Task requirements: Go line by line through the records below. Copy whichever lines contain the string "infinity".

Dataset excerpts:
(* Let $n=m=2$ and let $\sigma$ be the preference profile in which each of the two alternatives is ranked first by exactly one of the two voters. If $\mathcal{D}$ is the Beta$(\frac14,1)$ distribution (density $\frac14x^{-3/4}$ on $(0,1)$), then for each alternative $j\in\{1,2\}$, $\mathbb{E}\!\left[\frac{\max_{k\in\{1,2\}}\mathrm{sw}(k,u)}{\mathrm{sw}(j,u)}\right]=\infty$; i.e., no deterministic rule has finite expected inverse distortion at $\sigma$.
   Context: Given $\mathcal{D}$ and a profile $\sigma$ (a ranking of the alternatives for each voter), a random utility profile $u$ consistent with $\sigma$ is generated as follows: independently for each voter $i$, draw $m$ i.i.d. samples from $\mathcal{D}$ and assign them, from highest to lowest, to the alternatives in the order of voter $i$'s ranking. The social welfare of $j$ is $\mathrm{sw}(j,u)=\sum_i u_{ij}$; expectation is over $u$. *)

theory Defs
  imports "HOL-Probability.Probability"
begin

text \<open>A profile sigma maps each voter i to a list (sigma i) listing the alternatives
  from most preferred to least preferred. A sample point s assigns to each voter i
  and each sample index k < m an i.i.d. draw s (i,k) from the distribution D.\<close>

definition is_ranking :: "nat \<Rightarrow> nat list \<Rightarrow> bool" where
  "is_ranking m r \<longleftrightarrow> distinct r \<and> set r = {0..<m}"

definition is_profile :: "nat \<Rightarrow> nat \<Rightarrow> (nat \<Rightarrow> nat list) \<Rightarrow> bool" where
  "is_profile n m \<sigma> \<longleftrightarrow> (\<forall>i<n. is_ranking m (\<sigma> i))"

definition rank_pos :: "nat list \<Rightarrow> nat \<Rightarrow> nat" where
  "rank_pos r j = (LEAST p. p < length r \<and> r ! p = j)"

text \<open>Utility of voter i for alternative j: the samples of voter i, sorted from
  highest to lowest, are assigned in the order of voter i's ranking.\<close>
definition util :: "nat \<Rightarrow> (nat \<Rightarrow> nat list) \<Rightarrow> (nat \<times> nat \<Rightarrow> real) \<Rightarrow> nat \<Rightarrow> nat \<Rightarrow> real" where
  "util m \<sigma> s i j = rev (sort (map (\<lambda>k. s (i, k)) [0..<m])) ! rank_pos (\<sigma> i) j"

definition sw :: "nat \<Rightarrow> nat \<Rightarrow> (nat \<Rightarrow> nat list) \<Rightarrow> (nat \<times> nat \<Rightarrow> real) \<Rightarrow> nat \<Rightarrow> real" where
  "sw n m \<sigma> s j = (\<Sum>i<n. util m \<sigma> s i j)"

definition sample_space :: "nat \<Rightarrow> nat \<Rightarrow> real measure \<Rightarrow> (nat \<times> nat \<Rightarrow> real) measure" where
  "sample_space n m D = PiM ({0..<n} \<times> {0..<m}) (\<lambda>_. D)"

definition exp_inv_distortion :: "nat \<Rightarrow> nat \<Rightarrow> real measure \<Rightarrow> (nat \<Rightarrow> nat list) \<Rightarrow> nat \<Rightarrow> ennreal" where
  "exp_inv_distortion n m D \<sigma> j =
     (\<integral>\<^sup>+ s. ennreal (Max ((\<lambda>k. sw n m \<sigma> s k) ` {0..<m}) / sw n m \<sigma> s j) \<partial>sample_space n m D)"

definition beta_quarter :: "real measure" where
  "beta_quarter = density lborel (\<lambda>x. ennreal (indicator {0<..<1} x * (1/4) * x powr (-3/4)))"

end

theory Submission
  imports Defs
begin

text \<open>Let voter p rank j first and voter q = 1 - p rank j second. On the event that the
  sample s(q,1) lies in (1/2, 1) and the three other samples lie in (0, t^4), alternative j
  has welfare below 2 t^4 while the other alternative has welfare above 1/2, so the inverse
  distortion exceeds 1/(4 t^4). Since the density x^(-3/4)/4 blows up at 0, the interval
  (0, t^4) has probability at least t/4, so the event has probability at least t^3/512
  and contributes at least 1/(2048 t) to the expectation; letting t tend to 0 gives
  infinity.\<close>

lemma emeasure_density_ge_const:
  assumes "A \<in> sets M" "f \<in> borel_measurable M" "\<And>x. x \<in> A \<Longrightarrow> c \<le> f x"
  shows "c * emeasure M A \<le> emeasure (density M f) A"
proof -
  have "c * emeasure M A = (\<integral>\<^sup>+ x. c * indicator A x \<partial>M)"
    using assms(1) by (simp add: nn_integral_cmult_indicator)
  also have "\<dots> \<le> (\<integral>\<^sup>+ x. f x * indicator A x \<partial>M)"
    using assms(3) by (intro nn_integral_mono) (auto split: split_indicator)
  also have "\<dots> = emeasure (density M f) A"
    using assms(1,2) by (simp add: emeasure_density)
  finally show ?thesis .
qed

lemma sets_beta_quarter [simp]: "sets beta_quarter = sets borel"
  unfolding beta_quarter_def by simp

lemma sigma_finite_beta_quarter: "sigma_finite_measure beta_quarter"
  unfolding beta_quarter_def
  by (subst sigma_finite_measure.sigma_finite_iff_density_finite[OF sigma_finite_lborel]) auto

lemma emeasure_beta_quarter_ge_const:
  assumes "\<And>x. x \<in> {a<..<b} \<Longrightarrow> c \<le> x powr (-3/4) / 4"
    and "0 \<le> c" "0 \<le> a" "a \<le> b" "b \<le> 1"
  shows "ennreal (c * (b - a)) \<le> emeasure beta_quarter {a<..<b}"
proof -
  have "ennreal (c * (b - a)) = ennreal c * emeasure lborel {a<..<b}"
    using assms(2,4) by (simp add: ennreal_mult)
  also have "\<dots> \<le> emeasure beta_quarter {a<..<b}"
    unfolding beta_quarter_def
    using assms(1,3,5) by (intro emeasure_density_ge_const ennreal_leI) auto
  finally show ?thesis .
qed

lemma emeasure_beta_quarter_near_zero:
  assumes "0 < t" "t \<le> 1"
  shows "ennreal (t / 4) \<le> emeasure beta_quarter {0<..<t ^ 4}"
proof -
  have "(t ^ 4) powr (-3/4) = (t powr 4) powr (-3/4)"
    using assms(1) by (simp add: powr_numeral)
  also have "\<dots> = t powr (- 3)" by (simp add: powr_powr)
  also have "\<dots> = 1 / t ^ 3"
    using assms(1) by (simp add: powr_minus_divide powr_numeral)
  finally have "(t ^ 4) powr (-3/4) = 1 / t ^ 3" .
  then have density_bound: "1 / (4 * t ^ 3) \<le> x powr (-3/4) / 4" if "x \<in> {0<..<t ^ 4}" for x
    using that powr_mono2'[of "-3/4" x "t ^ 4"] by auto
  have "ennreal (t / 4) = ennreal (1 / (4 * t ^ 3) * (t ^ 4 - 0))"
    using assms(1) by (intro arg_cong[where f = ennreal]) (simp add: power_eq_if)
  also have "\<dots> \<le> emeasure beta_quarter {0<..<t ^ 4}"
    using assms by (intro emeasure_beta_quarter_ge_const density_bound) (auto simp: power_le_one)
  finally show ?thesis .
qed

lemma emeasure_beta_quarter_upper_half: "ennreal (1/8) \<le> emeasure beta_quarter {1/2<..<1}"
proof -
  have "1/4 \<le> x powr (-3/4) / 4" if "x \<in> {1/2<..<1}" for x :: real
    using that powr_mono2'[of "-3/4" x 1] by auto
  from emeasure_beta_quarter_ge_const[of "1/2" 1 "1/4", OF this] show ?thesis by simp
qed

lemma emeasure_sample_space_PiE:
  assumes "sigma_finite_measure D" "\<And>ik. ik \<in> {0..<n} \<times> {0..<m} \<Longrightarrow> A ik \<in> sets D"
  shows "emeasure (sample_space n m D) (Pi\<^sub>E ({0..<n} \<times> {0..<m}) A)
           = (\<Prod>ik\<in>{0..<n} \<times> {0..<m}. emeasure D (A ik))"
proof -
  interpret product_sigma_finite "\<lambda>_. D"
    using assms(1) by (simp add: product_sigma_finite_def)
  show ?thesis
    unfolding sample_space_def using assms(2) by (intro emeasure_PiM) auto
qed

lemma is_ranking_2: "is_ranking 2 r \<Longrightarrow> r = [0, 1] \<or> r = [1, 0]"
proof -
  assume "is_ranking 2 r"
  then have "distinct r" and set_r: "set r = {0..<2}" by (auto simp: is_ranking_def)
  then have "length r = 2" using distinct_card by fastforce
  then obtain x y where r: "r = [x, y]"
    by (auto simp: numeral_2_eq_2 length_Suc_conv)
  then have "x < 2" "y < 2" "x \<noteq> y" using set_r \<open>distinct r\<close> by auto
  then show ?thesis using r by auto
qed

lemma opposite_rankings_2:
  assumes "is_profile 2 2 \<sigma>" "\<forall>a<2. card {i. i < 2 \<and> hd (\<sigma> i) = a} = 1" "j < (2::nat)"
  obtains p where "p < 2" "\<sigma> p = [j, 1 - j]" "\<sigma> (1 - p) = [1 - j, j]"
proof -
  have rankings: "\<sigma> i = [0, 1] \<or> \<sigma> i = [1, 0]" if "i < 2" for i
    using assms(1) that is_ranking_2 unfolding is_profile_def by auto
  have "card {i. i < 2 \<and> hd (\<sigma> i) = j} = 1" using assms(2,3) by blast
  then obtain p where p: "{i. i < 2 \<and> hd (\<sigma> i) = j} = {p}"
    by (auto simp: card_1_singleton_iff)
  then have "p < 2" "hd (\<sigma> p) = j" by auto
  moreover have "1 - p < 2" "1 - p \<noteq> p" using \<open>p < 2\<close> by arith+
  moreover from this p have "hd (\<sigma> (1 - p)) \<noteq> j" by blast
  moreover have "j = 0 \<or> j = 1" using assms(3) by arith
  ultimately have "\<sigma> p = [j, 1 - j]" "\<sigma> (1 - p) = [1 - j, j]"
    using rankings[of p] rankings[of "1 - p"] by auto
  with \<open>p < 2\<close> show ?thesis by (rule that)
qed

lemma rank_pos_2:
  assumes "a \<noteq> b"
  shows "rank_pos [a, b] a = 0" "rank_pos [a, b] b = 1"
proof -
  show "rank_pos [a, b] a = 0"
    unfolding rank_pos_def by (rule Least_eq_0) simp
  show "rank_pos [a, b] b = 1"
    unfolding rank_pos_def
  proof (rule Least_equality)
    fix y assume "y < length [a, b] \<and> [a, b] ! y = b"
    with assms show "1 \<le> y" by (cases y) auto
  qed simp
qed

lemma util_2:
  assumes "\<sigma> i = [a, b]" "a \<noteq> b"
  shows "util 2 \<sigma> s i a = max (s (i, 0)) (s (i, 1))"
    and "util 2 \<sigma> s i b = min (s (i, 0)) (s (i, 1))"
proof -
  have "rev (sort [x, y]) = [max x y, min x y]" for x y :: real
    by (cases "x \<le> y") auto
  then show "util 2 \<sigma> s i a = max (s (i, 0)) (s (i, 1))"
    and "util 2 \<sigma> s i b = min (s (i, 0)) (s (i, 1))"
    using assms by (simp_all add: util_def rank_pos_2 upt_rec)
qed

lemma sw_2: "p < 2 \<Longrightarrow> sw 2 m \<sigma> s k = util m \<sigma> s p k + util m \<sigma> s (1 - p) k"
  unfolding sw_def by (cases p) (auto simp: numeral_2_eq_2)

lemma inv_distortion_ge_on_event:
  assumes "p < 2" "j < 2" "\<sigma> p = [j, 1 - j]" "\<sigma> (1 - p) = [1 - j, j]"
    and "s (p, 0) \<in> {0<..<\<delta>}" "s (p, 1) \<in> {0<..<\<delta>}" "s (1 - p, 0) \<in> {0<..<\<delta>}"
    and "s (1 - p, 1) > 1/2"
  shows "1 / (4 * \<delta>) \<le> Max ((\<lambda>k. sw 2 2 \<sigma> s k) ` {0..<2}) / sw 2 2 \<sigma> s j"
proof -
  have "j \<noteq> 1 - j" using assms(2) by arith
  then have sw_j: "sw 2 2 \<sigma> s j = max (s (p, 0)) (s (p, 1)) + min (s (1 - p, 0)) (s (1 - p, 1))"
    and sw_other: "sw 2 2 \<sigma> s (1 - j) = min (s (p, 0)) (s (p, 1)) + max (s (1 - p, 0)) (s (1 - p, 1))"
    using assms(3,4) by (simp_all add: sw_2[OF assms(1)] util_2)
  have j_small: "0 < sw 2 2 \<sigma> s j" "sw 2 2 \<sigma> s j \<le> 2 * \<delta>"
    unfolding sw_j using assms(5-8) by auto
  have "1/2 \<le> sw 2 2 \<sigma> s (1 - j)"
    unfolding sw_other using assms(5,6,8) by auto
  also have "\<dots> \<le> Max ((\<lambda>k. sw 2 2 \<sigma> s k) ` {0..<2})"
    by (rule Max_ge) auto
  finally have max_large: "1/2 \<le> Max ((\<lambda>k. sw 2 2 \<sigma> s k) ` {0..<2})" .
  have "1 / (4 * \<delta>) = (1/2) / (2 * \<delta>)" by simp
  also have "\<dots> \<le> (1/2) / sw 2 2 \<sigma> s j"
    using j_small by (intro divide_left_mono) auto
  also have "\<dots> \<le> Max ((\<lambda>k. sw 2 2 \<sigma> s k) ` {0..<2}) / sw 2 2 \<sigma> s j"
    using j_small max_large by (intro divide_right_mono) auto
  finally show ?thesis .
qed

lemma exp_inv_distortion_ge:
  assumes "p < 2" "j < 2" "\<sigma> p = [j, 1 - j]" "\<sigma> (1 - p) = [1 - j, j]"
    and "0 < t" "t \<le> 1"
  shows "ennreal (1 / (2048 * t)) \<le> exp_inv_distortion 2 2 beta_quarter \<sigma> j"
proof -
  define I where "I = {0..<2::nat} \<times> {0..<2::nat}"
  define A where "A ik = (if ik = (1 - p, 1::nat) then {1/2<..<1} else {0<..<t ^ 4})" for ik
  define inv_dist where
    "inv_dist s = ennreal (Max ((\<lambda>k. sw 2 2 \<sigma> s k) ` {0..<2}) / sw 2 2 \<sigma> s j)" for s
  have event_sets: "Pi\<^sub>E I A \<in> sets (sample_space 2 2 beta_quarter)"
    unfolding sample_space_def I_def by (rule sets_PiM_I_finite) (auto simp: A_def)
  have "(\<Prod>ik\<in>I. emeasure beta_quarter (A ik))
          = emeasure beta_quarter {0<..<t ^ 4} ^ 3 * emeasure beta_quarter {1/2<..<1}"
    using assms(1) less_2_cases
    by (auto simp: I_def A_def numeral_2_eq_2 atLeast0_lessThan_Suc power3_eq_cube mult_ac)
  then have event_prob:
    "emeasure (sample_space 2 2 beta_quarter) (Pi\<^sub>E I A)
       = emeasure beta_quarter {0<..<t ^ 4} ^ 3 * emeasure beta_quarter {1/2<..<1}"
    unfolding I_def
    by (subst emeasure_sample_space_PiE[OF sigma_finite_beta_quarter]) (auto simp: A_def)
  have on_event: "ennreal (1 / (4 * t ^ 4)) * indicator (Pi\<^sub>E I A) s \<le> inv_dist s" for s
  proof (cases "s \<in> Pi\<^sub>E I A")
    case True
    have in_A: "s ik \<in> A ik" if "ik \<in> I" for ik using True that by (auto simp: PiE_iff)
    have "p \<noteq> 1 - p" "1 - p < 2" using assms(1) by arith+
    then have "s (p, 0) \<in> {0<..<t ^ 4}" "s (p, 1) \<in> {0<..<t ^ 4}" "s (1 - p, 0) \<in> {0<..<t ^ 4}"
        "s (1 - p, 1) \<in> {1/2<..<1}"
      using assms(1) in_A[of "(p, 0)"] in_A[of "(p, 1)"] in_A[of "(1 - p, 0)"] in_A[of "(1 - p, 1)"]
      by (auto simp: I_def A_def)
    then have "1 / (4 * t ^ 4) \<le> Max ((\<lambda>k. sw 2 2 \<sigma> s k) ` {0..<2}) / sw 2 2 \<sigma> s j"
      by (intro inv_distortion_ge_on_event[OF assms(1-4)]) auto
    then show ?thesis using True by (simp add: inv_dist_def ennreal_leI)
  qed (simp add: inv_dist_def)
  have "ennreal (1 / (2048 * t)) = ennreal (1 / (4 * t ^ 4)) * (ennreal (t / 4) ^ 3 * ennreal (1/8))"
    using assms(5) by (simp add: ennreal_power ennreal_mult''[symmetric] power_eq_if field_simps)
  also have "\<dots> \<le> ennreal (1 / (4 * t ^ 4)) * emeasure (sample_space 2 2 beta_quarter) (Pi\<^sub>E I A)"
    unfolding event_prob using emeasure_beta_quarter_near_zero[OF assms(5,6)]
      emeasure_beta_quarter_upper_half by (intro mult_left_mono mult_mono power_mono) auto
  also have "\<dots> = (\<integral>\<^sup>+ s. ennreal (1 / (4 * t ^ 4)) * indicator (Pi\<^sub>E I A) s \<partial>sample_space 2 2 beta_quarter)"
    using event_sets by (rule nn_integral_cmult_indicator[symmetric])
  also have "\<dots> \<le> (\<integral>\<^sup>+ s. inv_dist s \<partial>sample_space 2 2 beta_quarter)"
    by (intro nn_integral_mono on_event)
  finally show ?thesis by (simp add: exp_inv_distortion_def inv_dist_def)
qed

theorem lemma2:
  fixes \<sigma> :: "nat \<Rightarrow> nat list" and j :: nat
  assumes "is_profile 2 2 \<sigma>"
    and "\<forall>a<2. card {i. i < 2 \<and> hd (\<sigma> i) = a} = 1"
    and "j < 2"
  shows "exp_inv_distortion 2 2 beta_quarter \<sigma> j = \<infinity>"
proof (rule ccontr)
  obtain p where p: "p < 2" "\<sigma> p = [j, 1 - j]" "\<sigma> (1 - p) = [1 - j, j]"
    by (rule opposite_rankings_2[OF assms])
  assume "exp_inv_distortion 2 2 beta_quarter \<sigma> j \<noteq> \<infinity>"
  then obtain r where r: "exp_inv_distortion 2 2 beta_quarter \<sigma> j = ennreal r" "0 \<le> r"
    by (cases "exp_inv_distortion 2 2 beta_quarter \<sigma> j") auto
  define t where "t = 1 / (2048 * (r + 1))"
  have "0 < t" "t \<le> 1" using r(2) by (simp_all add: t_def field_simps)
  from exp_inv_distortion_ge[OF p(1) assms(3) p(2,3) this]
  have "1 / (2048 * t) \<le> r" using r by (simp add: ennreal_le_iff)
  moreover have "1 / (2048 * t) = r + 1" using r(2) by (simp add: t_def)
  ultimately show False by simp
qed

end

Output of the task:
  infinity.\<close>
  shows "exp_inv_distortion 2 2 beta_quarter \<sigma> j = \<infinity>"
  assume "exp_inv_distortion 2 2 beta_quarter \<sigma> j \<noteq> \<infinity>"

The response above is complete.